Thursday, March 08, 2007


UTAH'S VOUCHERS DRIVE EXPOSES
THE TRUTH: DANG! IT'S A TRAP!

At first blush, school-choice vouchers seem like SUCH a great idea. Give low-income parents tuition assistance so that their kiddies can attend the private school of their choice, if the public school isn't cutting the mustard. Start the bus! The public schools will lose enrollment, which will feel very, very bad. But in the long run, that'll be good. It'll force the public schools to wake up and smell the Java(script), clean up their acts, get better in order to compete, and then we'll all be happy and kum-ba-ya'ing into the sunset.

But check out the revelations in the middle of this story about the Utah vouchers. Now the wolf in sheep's clothing is revealed. Note the reference to "assessments" which would be following the kiddies into the private schools in Utah, as the "strings attached" to the vouchers:

http://deseretnews.com/dn/view/0,1249,660201436,00.html

Ah. Therein lies the rub. That's what would happen here. All the schools would eventually be alike, because all the schools would have to conform to what the "assessments" are after. And it ain't school the way you and I know school. (See my latest Public Policy brief on student data mining on www.GoBigEd.com, down below on the left-hand column.)

The "strings attached" to vouchers are why we have to stick to private-sector initiatives ONLY, to provide true school choice. We really do have to forego public funds for private education. It's the only way to keep our existing good alternatives -- private schools and homeschools -- as safe as we can from manipulation and government "specs."

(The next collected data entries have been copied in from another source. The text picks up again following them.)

text \<open>Events of the sparse model are controlled through their sections at the signal sets F;
  the event itself need not be measurable (the BH events are never shown to be).\<close>

lemma sparse_model_event_le:
  fixes P :: "nat set \<times> (nat \<Rightarrow> real) \<Rightarrow> bool"
  assumes mn: "m \<le> n" and b: "0 \<le> b"
    and sections: "\<And>F. F \<subseteq> {..<n} \<Longrightarrow> card F = m \<Longrightarrow>
       \<exists>B \<in> sets (PiM {..<n} (\<lambda>_. borel)). measure (sparse_model_given M n F \<mu>) B \<le> b \<and>
          (\<forall>X \<in> space (PiM {..<n} (\<lambda>_. borel)). P (F, X) \<longrightarrow> X \<in> B)"
  shows "\<exists>A \<in> sets (sparse_model M n m \<mu>). {\<omega> \<in> space (sparse_model M n m \<mu>). P \<omega>} \<subseteq> A
           \<and> measure (sparse_model M n m \<mu>) A \<le> b"
proof -
  define S where "S = {A. A \<subseteq> {..<n} \<and> card A = m}"
  let ?PS = "space (PiM {..<n} (\<lambda>_. borel :: real measure))"
  let ?M = "sparse_model M n m \<mu>"
  have "\<forall>F\<in>S. \<exists>B. B \<in> sets (PiM {..<n} (\<lambda>_. borel)) \<and> measure (sparse_model_given M n F \<mu>) B \<le> b \<and>
          (\<forall>X \<in> ?PS. P (F, X) \<longrightarrow> X \<in> B)"
    using sections unfolding S_def Bex_def by blast
  then obtain B where "\<forall>F\<in>S. B F \<in> sets (PiM {..<n} (\<lambda>_. borel)) \<and>
      measure (sparse_model_given M n F \<mu>) (B F) \<le> b \<and> (\<forall>X \<in> ?PS. P (F, X) \<longrightarrow> X \<in> B F)"
    by metis
  then have B: "\<And>F. F \<in> S \<Longrightarrow> B F \<in> sets (PiM {..<n} (\<lambda>_. borel))"
      "\<And>F. F \<in> S \<Longrightarrow> measure (sparse_model_given M n F \<mu>) (B F) \<le> b"
      "\<And>F X. F \<in> S \<Longrightarrow> X \<in> ?PS \<Longrightarrow> P (F, X) \<Longrightarrow> X \<in> B F"
    by auto
  have sets_M: "sets ?M = sets (count_space (Pow {..<n}) \<Otimes>\<^sub>M PiM {..<n} (\<lambda>_. borel))"
    unfolding sparse_model_eq_bind
    using nonempty_subsets_with_card[OF mn] measurable_prob_algebraD[OF sparse_model_given_in_prob_algebra[where m = m]]
    by (intro sets_bind) (auto simp: space_uniform_count_measure dest: measurable_space simp: space_subprob_algebra)
  define A where "A = (\<Union>F\<in>S. {F} \<times> B F) \<union> ((Pow {..<n} - S) \<times> ?PS)"
  have A: "A \<in> sets (count_space (Pow {..<n}) \<Otimes>\<^sub>M PiM {..<n} (\<lambda>_. borel))"
    unfolding A_def using B(1) by (intro sets.Un sets.finite_UN pair_measureI) (auto simp: S_def)
  have "{\<omega> \<in> space ?M. P \<omega>} \<subseteq> A"
    using B(3) sets_eq_imp_space_eq[OF sets_M] by (auto simp: A_def space_pair_measure)
  moreover have "measure ?M A \<le> b"
  proof (rule measure_sparse_model_le[OF mn b A])
    fix F assume "F \<subseteq> {..<n}" "card F = m"
    then have F: "F \<in> S" unfolding S_def by simp
    have "(\<lambda>x. (F, x)) -` A \<inter> space (sparse_model_given M n F \<mu>) = B F"
      using F sets.sets_into_space[OF B(1)[OF F]] by (auto simp: A_def space_sparse_model_given)
    then show "measure (sparse_model_given M n F \<mu>) ((\<lambda>x. (F, x)) -` A \<inter> space (sparse_model_given M n F \<mu>)) \<le> b"
      using B(2)[OF F] by simp
  qed
  ultimately show ?thesis using A sets_M by auto
qed
end

section \<open>Error probabilities of BH under a survival function\<close>

locale survival_function = real_distribution D for D :: "real measure" +
  fixes \<Psi> :: "real \<Rightarrow> real"
  assumes survival_eq: "\<Psi> y = measure D {y..}"
begin

lemma antimono_survival: "antimono \<Psi>"
  by (intro antimonoI) (auto simp: survival_eq intro!: finite_measure_mono)

lemma survival_eq_1_minus: "\<Psi> y = 1 - measure D {..<y}"
proof -
  have "{y..} = space D - {..<y}" by auto
  then show ?thesis using prob_compl[of "{..<y}"] by (simp add: survival_eq)
qed

lemma tendsto_measure_lessThan_at_bot: "((\<lambda>x. measure D {..<x}) \<longlongrightarrow> 0) at_bot"
proof (rule tendsto_sandwich[OF _ _ tendsto_const cdf_lim_at_bot])
  show "\<forall>\<^sub>F x in at_bot. measure D {..<x} \<le> cdf D x"
    by (intro always_eventually allI) (auto simp: cdf_def intro!: finite_measure_mono)
qed simp

lemma tendsto_survival_at_bot: "(\<Psi> \<longlongrightarrow> 1) at_bot"
  using tendsto_diff[OF tendsto_const tendsto_measure_lessThan_at_bot, of 1]
  by (simp add: survival_eq_1_minus[abs_def])

lemma tendsto_measure_below_shift_gap:
  assumes \<gamma>: "0 < \<gamma>" and s: "0 < s" "s < r"
  shows "(\<lambda>n::nat. measure D {..< (\<gamma> * s * ln (real n)) powr (1/\<gamma>) - (\<gamma> * r * ln (real n)) powr (1/\<gamma>)})
           \<longlonglongrightarrow> 0"
proof -
  let ?f = "\<lambda>n::nat. (\<gamma> * ln (real n)) powr (1/\<gamma>)"
  let ?k = "s powr (1/\<gamma>) - r powr (1/\<gamma>)"
  have "?k < 0" using s \<gamma> powr_less_mono2[of "1/\<gamma>" s r] by simp
  moreover have "filterlim ?f at_top sequentially" using \<gamma> by real_asymp
  ultimately have "filterlim (\<lambda>n. ?k * ?f n) at_bot sequentially"
    by (intro filterlim_tendsto_neg_mult_at_bot[OF tendsto_const])
  from filterlim_compose[OF tendsto_measure_lessThan_at_bot this]
  have "(\<lambda>n. measure D {..< ?k * ?f n}) \<longlonglongrightarrow> 0" .
  moreover have "(\<gamma> * x * ln (real n)) powr (1/\<gamma>) = x powr (1/\<gamma>) * ?f n" if "0 \<le> x" for x n
  proof -
    have "0 \<le> ln (real n)" by (cases n) auto
    then show ?thesis using that \<gamma> powr_mult[of x "\<gamma> * ln (real n)" "1/\<gamma>"] by (simp add: mult_ac)
  qed
  ultimately show ?thesis using s by (simp add: left_diff_distrib)
qed

text \<open>P-values are super-uniform: P(\<Psi>(Y) \<le> u) \<le> u. For continuous \<Psi> the event is a closed
  up-set, i.e. an interval [a, \<infinity>) of probability \<Psi>(a) \<le> u, or all of \<real>.\<close>

lemma prob_survival_le:
  assumes cont: "continuous_on UNIV \<Psi>" and u: "0 \<le> u"
  shows "measure D {x. \<Psi> x \<le> u} \<le> u"
proof -
  let ?A = "{x. \<Psi> x \<le> u}"
  have closed: "closed ?A" using cont by (intro closed_Collect_le continuous_on_const) auto
  consider "?A = {}" | "?A \<noteq> {}" "bdd_below ?A" | "\<not> bdd_below ?A"
    by (cases "?A = {}"; cases "bdd_below ?A") argo+
  then show ?thesis
  proof cases
    case 2
    define a where "a = Inf ?A"
    have a: "a \<in> ?A" unfolding a_def using closed_contains_Inf[OF 2 closed] .
    have A_eq: "?A = {a..}"
    proof safe
      fix x assume "\<Psi> x \<le> u"
      then show "a \<le> x" unfolding a_def using cInf_lower[OF _ 2(2)] by simp
    next
      fix x assume "a \<le> x"
      then have "\<Psi> x \<le> \<Psi> a" by (rule antimonoD[OF antimono_survival])
      then show "\<Psi> x \<le> u" using a by simp
    qed
    have "measure D ?A = \<Psi> a" unfolding A_eq by (simp add: survival_eq)
    then show ?thesis using a by simp
  next
    case 3
    have le_u: "\<Psi> y \<le> u" for y
    proof -
      obtain x where "x \<in> ?A" "x < y"
        using 3 unfolding bdd_below_def by (auto simp: not_le)
      then show ?thesis using antimonoD[OF antimono_survival, of x y] by simp
    qed
    have "1 \<le> u"
      using le_u by (intro tendsto_le[OF trivial_limit_at_bot_linorder tendsto_const
          tendsto_survival_at_bot] always_eventually) simp
    then show ?thesis using prob_le_1[of ?A] by linarith
  qed (use u in simp)
qed
lemma greedy_run_marginal_gains_le:
  assumes mo: "monotone_on_subsets V g" and sm: "submodular_on_subsets V g"
    and finV: "finite V" and BV: "B \<subseteq> V"
    and gr: "greedy_run V B (\<lambda>S e. g (B \<union> S \<union> {e}) - g (B \<union> S)) xs"
    and TV: "T \<subseteq> V" and cT: "card T \<le> length xs"
  shows "(\<Sum>e\<in>T - (B \<union> set xs). g (B \<union> set xs \<union> {e}) - g (B \<union> set xs))
     \<le> g (B \<union> set xs) - g B"
proof -
  define r where "r = length xs"
  define R where "R = B \<union> set xs"
  define X where "X = T - R"
  define gain where "gain j = g (B \<union> set (take (Suc j) xs)) - g (B \<union> set (take j xs))" for j
  have RV: "R \<subseteq> V" using BV greedy_run_set_subset[OF gr] unfolding R_def by blast
  have cX: "card X \<le> r"
    using cT TV finV unfolding X_def r_def by (meson Diff_subset card_mono finite_subset le_trans)
  have X_le_gain: "(\<Sum>e\<in>X. g (R \<union> {e}) - g R) \<le> real r * gain j" if j: "j < r" for j
  proof -
    have "(\<Sum>e\<in>X. g (R \<union> {e}) - g R) \<le> (\<Sum>e\<in>X. gain j)"
    proof (rule sum_mono)
      fix e assume e: "e \<in> X"
      have take_R: "B \<union> set (take j xs) \<subseteq> R" using set_take_subset[of j xs] unfolding R_def by blast
      have "g (R \<union> {e}) - g R \<le> g (B \<union> set (take j xs) \<union> {e}) - g (B \<union> set (take j xs))"
        using e TV RV take_R unfolding X_def
        by (intro submodular_diminishing_returns[OF mo sm]) auto
      also have "\<dots> \<le> gain j"
        using e TV take_R j unfolding X_def gain_def r_def
        by (intro greedy_run_best_gain[OF gr]) auto
      finally show "g (R \<union> {e}) - g R \<le> gain j" .
    qed
    also have "\<dots> \<le> real r * gain j"
      using cX greedy_run_gain_nonneg[OF mo BV gr] unfolding gain_def
      by (simp add: mult_right_mono)
    finally show ?thesis .
  qed
  have telescope: "(\<Sum>j<r. gain j) = g R - g B"
    unfolding gain_def R_def r_def by (subst sum_lessThan_telescope) simp
  show ?thesis
  proof (cases "r = 0")
    case True
    then have "X = {}" "R = B"
      using cX TV finV unfolding X_def R_def r_def by (auto simp: finite_subset)
    then show ?thesis unfolding R_def[symmetric] X_def[symmetric] by simp
  next
    case False
    have "real r * (\<Sum>e\<in>X. g (R \<union> {e}) - g R) = (\<Sum>j<r. \<Sum>e\<in>X. g (R \<union> {e}) - g R)"
      by simp
    also have "\<dots> \<le> (\<Sum>j<r. real r * gain j)"
      by (rule sum_mono) (rule X_le_gain, simp)
    also have "\<dots> = real r * (g R - g B)"
      by (simp add: telescope flip: sum_distrib_left)
    finally have "real r * (\<Sum>e\<in>X. g (R \<union> {e}) - g R) \<le> real r * (g R - g B)" .
    then show ?thesis using False unfolding X_def R_def by simp
  qed
qed

lemma greedy_phase1_bound:
  fixes f :: "nat \<Rightarrow> 'a set \<Rightarrow> real"
  assumes finV: "finite V"
    and nonneg: "\<And>i. i \<in> I \<Longrightarrow> 0 \<le> f i {}"
    and mono: "\<And>i. i \<in> I \<Longrightarrow> monotone_on_subsets V (f i)"
    and submod: "\<And>i. i \<in> I \<Longrightarrow> submodular_on_subsets V (f i)"
    and gr: "greedy_run V {} (\<lambda>S e. \<Sum>i\<in>I. f i (S \<union> {e}) - f i S) tr"
    and TV: "T \<subseteq> V" and cT: "card T \<le> length tr"
    and SV: "\<And>i. i \<in> I \<Longrightarrow> S i \<subseteq> V"
  shows "(\<Sum>i\<in>I. f i (T \<union> S i)) \<le> (\<Sum>i\<in>I. f i (set tr \<union> S i)) + (\<Sum>i\<in>I. f i (set tr))"
proof -
  define F where "F S = (\<Sum>i\<in>I. f i S)" for S
  define R where "R = set tr"
  have moF: "monotone_on_subsets V F"
    unfolding F_def by (rule monotone_on_subsets_sum) (rule mono)
  have smF: "submodular_on_subsets V F"
    unfolding F_def by (rule submodular_on_subsets_sum) (rule submod)
  have grF: "greedy_run V {} (\<lambda>S e. F ({} \<union> S \<union> {e}) - F ({} \<union> S)) tr"
    using gr unfolding F_def by (simp add: sum_subtractf)
  have RV: "R \<subseteq> V" using greedy_run_set_subset[OF gr] unfolding R_def by blast
  have "(\<Sum>i\<in>I. f i (T \<union> S i)) \<le> (\<Sum>i\<in>I. f i (R \<union> S i) + (\<Sum>e\<in>T - R. f i (R \<union> {e}) - f i R))"
  proof (rule sum_mono)
    fix i assume "i \<in> I"
    then show "f i (T \<union> S i) \<le> f i (R \<union> S i) + (\<Sum>e\<in>T - R. f i (R \<union> {e}) - f i R)"
      using TV RV SV by (intro monotone_submodular_union_le[OF mono submod finV]) auto
  qed
  also have "\<dots> = (\<Sum>i\<in>I. f i (R \<union> S i)) + (\<Sum>e\<in>T - R. F (R \<union> {e}) - F R)"
    unfolding F_def by (simp add: sum.distrib sum_subtractf sum.swap[of _ "T - R"] sum_distrib_left)
  also have "(\<Sum>e\<in>T - R. F (R \<union> {e}) - F R) \<le> F R"
  proof -
    have "0 \<le> F {}" unfolding F_def by (simp add: nonneg sum_nonneg)
    then show ?thesis
      using greedy_run_marginal_gains_le[OF moF smF finV _ grF TV cT] unfolding R_def by simp
  qed
  finally show ?thesis unfolding F_def R_def by simp
qed
(* For $n\geqslant 3$, the set $\mathcal{F}_2=\{f_i^{2,k}: i\in\{2,3,\ldots,n\},\ k\in\{3,4,\ldots,n\}\}$ forms a basis of the eigenspace of the Star graph $S_n$ with eigenvalue $n-2$.
   Context: Write a permutation $\pi$ of $\{1,\ldots,n\}$ as $[\pi_1\ldots\pi_n]$ with $\pi_j=\pi(j)$. The Star graph $S_n$ has vertex set $\mathrm{Sym}_n$, and two permutations are adjacent iff one is obtained from the other by exchanging the entries in positions $1$ and $i$ for some $2\le i\le n$ (the Cayley graph of $\mathrm{Sym}_n$ with generators $(1\ i)$, $2\le i\le n$). The eigenspace with eigenvalue $\theta$ is the space of functions $f:\mathrm{Sym}_n\to\mathbb{R}$ with $\theta f(x)=\sum_{y\in N(x)}f(y)$ for all $x$. For $i\in\{1,\ldots,n\}$ and distinct $j,k\in\{2,\ldots,n\}$, $f_i^{j,k}(\pi)=1$ if $\pi_j=i$, $f_i^{j,k}(\pi)=-1$ if $\pi_k=i$, and $f_i^{j,k}(\pi)=0$ otherwise. *)

theory Defs
  imports "HOL-Combinatorics.Combinatorics" Complex_Main
begin

definition Sym :: "nat \<Rightarrow> (nat \<Rightarrow> nat) set" where
  "Sym n = {p. p permutes {1..n}}"

text \<open>Neighbours of pi in the Star graph: exchange entries in positions 1 and i.\<close>
definition star_nbrs :: "nat \<Rightarrow> (nat \<Rightarrow> nat) \<Rightarrow> (nat \<Rightarrow> nat) set" where
  "star_nbrs n p = {p \<circ> transpose 1 i | i. i \<in> {2..n}}"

Voucher plans ALWAYS have an "accountability" clause. They ALWAYS want the kiddies to take "assessments" so that they can see how they're doing in school. Now, that's sensible: if you're using taxpayer dollars, then taxpayers have a right to see what kind of a bang they're getting for their bucks.

But the "assessments" are always strapped to the curriculum, and reflect it as sure as shootin'. So to score well on the "assessments," the school has to align its curriculum that way. Now, the public schools are moving away from objective, "content-based" curriculum -- knowledge and facts -- to the much more subjective, "process-based" curriculum -- attitudes, values and beliefs. You know: all that Whole Language, Whole Math, Multiple Isms type curriculum I always gripe about.

So if a private school wants to keep up, it'll have to switch from the curriculum and instructional methods it uses now, to mimic what the public schools are using.

Even if that private school has built a high-quality, traditional, unique, content-based curriculum, its scores won't look too hot compared to the private schools that have caved in, and to the public schools that are already completely in.

So people won't send their kids to the better private schools, because they won't LOOK better on paper. Parents will only look at the score, and they don't know that kids aren't being tested on the kind of academics that we WANT them tested on.

It's a pickle. Unfortunately, for the same reason, charter schools are a trap, too. Again, it's that public funding conundrum.

Answer: find creative ways to foster more educational entrepreneurship. Let's look for private-sector initiatives that are both nonprofit and for-profit, and that really work, and expose what the Government Nannies are doing as ineffective. Then we'll have a real educational marketplace . . . and then we really CAN kum-ba-ya off into the sunset.